## What the task asks
Starting with the line that contains "theory Defs", copy out each line through the end of the entries below, exactly as written, and nothing else.

---- Data under study

(* Let $\mathcal A\subset\mathbb R^n$ be compact with diameter $D_{\mathcal A}<\infty$ and let $\mathcal X=\mathrm{conv}(\mathcal A)$ be $\alpha$-strongly convex for some $\alpha>0$. Let $f$ be convex and differentiable with $L$-Lipschitz gradient. Let $\{x_t\}_{t\ge0}$ be generated by the AC-FW algorithm with the closed-loop Frank-Wolfe subroutine and a damping sequence satisfying Condition (D), let $\eta\in(1,2)$, and let $\{h_t\}_{t\ge0}$ denote the elements of $\mathcal G\cap\mathcal I_\eta$ in increasing order. (i) If in addition $f$ is $\mu$-strongly convex for some $\mu>0$, then for any $t\ge0$, $$f(x_{h_t})-f(x^\star)\le\frac{\max\left\{\frac{LD_{\mathcal A}^2}{2},\ 18\left(\frac{1}{1+\sqrt{\eta/2}}\right)^2\left(\frac{\alpha\sqrt\mu}{8\sqrt2 L}\right)^{-2}\right\}\left(\frac{1}{1-\sqrt{\eta/2}}\right)^2}{\left(t+\frac{1}{1-\sqrt{\eta/2}}\right)^2}.$$ (ii) If in addition there is $g>0$ with $\|\nabla f(x)\|_2\ge g$ for all $x\in\mathcal X$, then for any $t\ge0$, $$f(x_{h_t})-f(x^\star)\le\frac{LD_{\mathcal A}^2}{2}\left(\max\left\{\frac{\eta}{2},\ 1-\left(1-\frac{\eta}{2}\right)\frac{\alpha g}{8L}\right\}\right)^t.$$
   Context: $D_{\mathcal A}:=\sup_{x,y\in\mathcal A}\|x-y\|_2$; $\|\nabla f(x)-\nabla f(y)\|_2\le L\|x-y\|_2$ for all $x,y\in\mathbb R^n$. $x^\star$ is an optimal solution of $\min_{x\in\mathcal X}f(x)$. $\mathcal X$ is $\alpha$-strongly convex if for all $\rho\in[0,1]$, $x,y\in\mathcal X$ and $z\in\mathbb R^n$ with $\|z\|_2\le1$: $\rho x+(1-\rho)y+\frac{\rho(1-\rho)\alpha\|x-y\|_2^2}{2}z\in\mathcal X$. $f$ is $\mu$-strongly convex if $f(y)\ge f(x)+\nabla f(x)^\top(y-x)+\frac\mu2\|y-x\|_2^2$ for all $x,y$. For $x\ne y$, $\ell(x,y):=2|f(y)-f(x)-\nabla f(x)^\top(y-x)|/\|y-x\|_2^2$, $\ell(x,x):=0$. AC-FW algorithm with closed-loop Frank-Wolfe subroutine: given $\{r_t\}_{t\ge0}$, pick $x_{-1}\in\mathcal A$, $x_0\in\arg\min_{v\in\mathcal A}\nabla f(x_{-1})^\top v$, $L_0:=\ell(x_{-1},x_0)$. For $t=0,1,\dots$: $v_t\in\arg\min_{v\in\mathcal A}\nabla f(x_t)^\top v$; $d_t:=x_t-v_t$, $\gamma_t^{\max}:=1$; $\gamma_t:=\min\{\nabla f(x_t)^\top d_t/(L_t\|d_t\|_2^2),\gamma_t^{\max}\}$; $\bar x_{t+1}:=x_t-\gamma_td_t$; $L_{t+1}:=\max\{\ell(x_t,\bar x_{t+1}),r_tL_t\}$; $x_{t+1}:=\bar x_{t+1}$ if $f(\bar x_{t+1})<f(x_t)$, else $x_{t+1}:=x_t$. $\mathcal I_\eta:=\{t\ge0:L_{t+1}\le\eta L_t\}$; $\mathcal G:=\{t\ge0:\gamma_t^{\max}\ge1\text{ or }\gamma_t<\gamma_t^{\max}\}$ (here $\mathcal G=\mathbb Z_+$, so $\mathcal G\cap\mathcal I_\eta=\mathcal I_\eta$). Condition (D): $r_t\in(0,1]$ for all $t$ and $\prod_{t\ge0}r_t\in(0,1]$. *)

theory Defs
  imports "HOL-Analysis.Analysis"
begin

--------

## Written response
theory Defs
  imports "HOL-Analysis.Analysis"
begin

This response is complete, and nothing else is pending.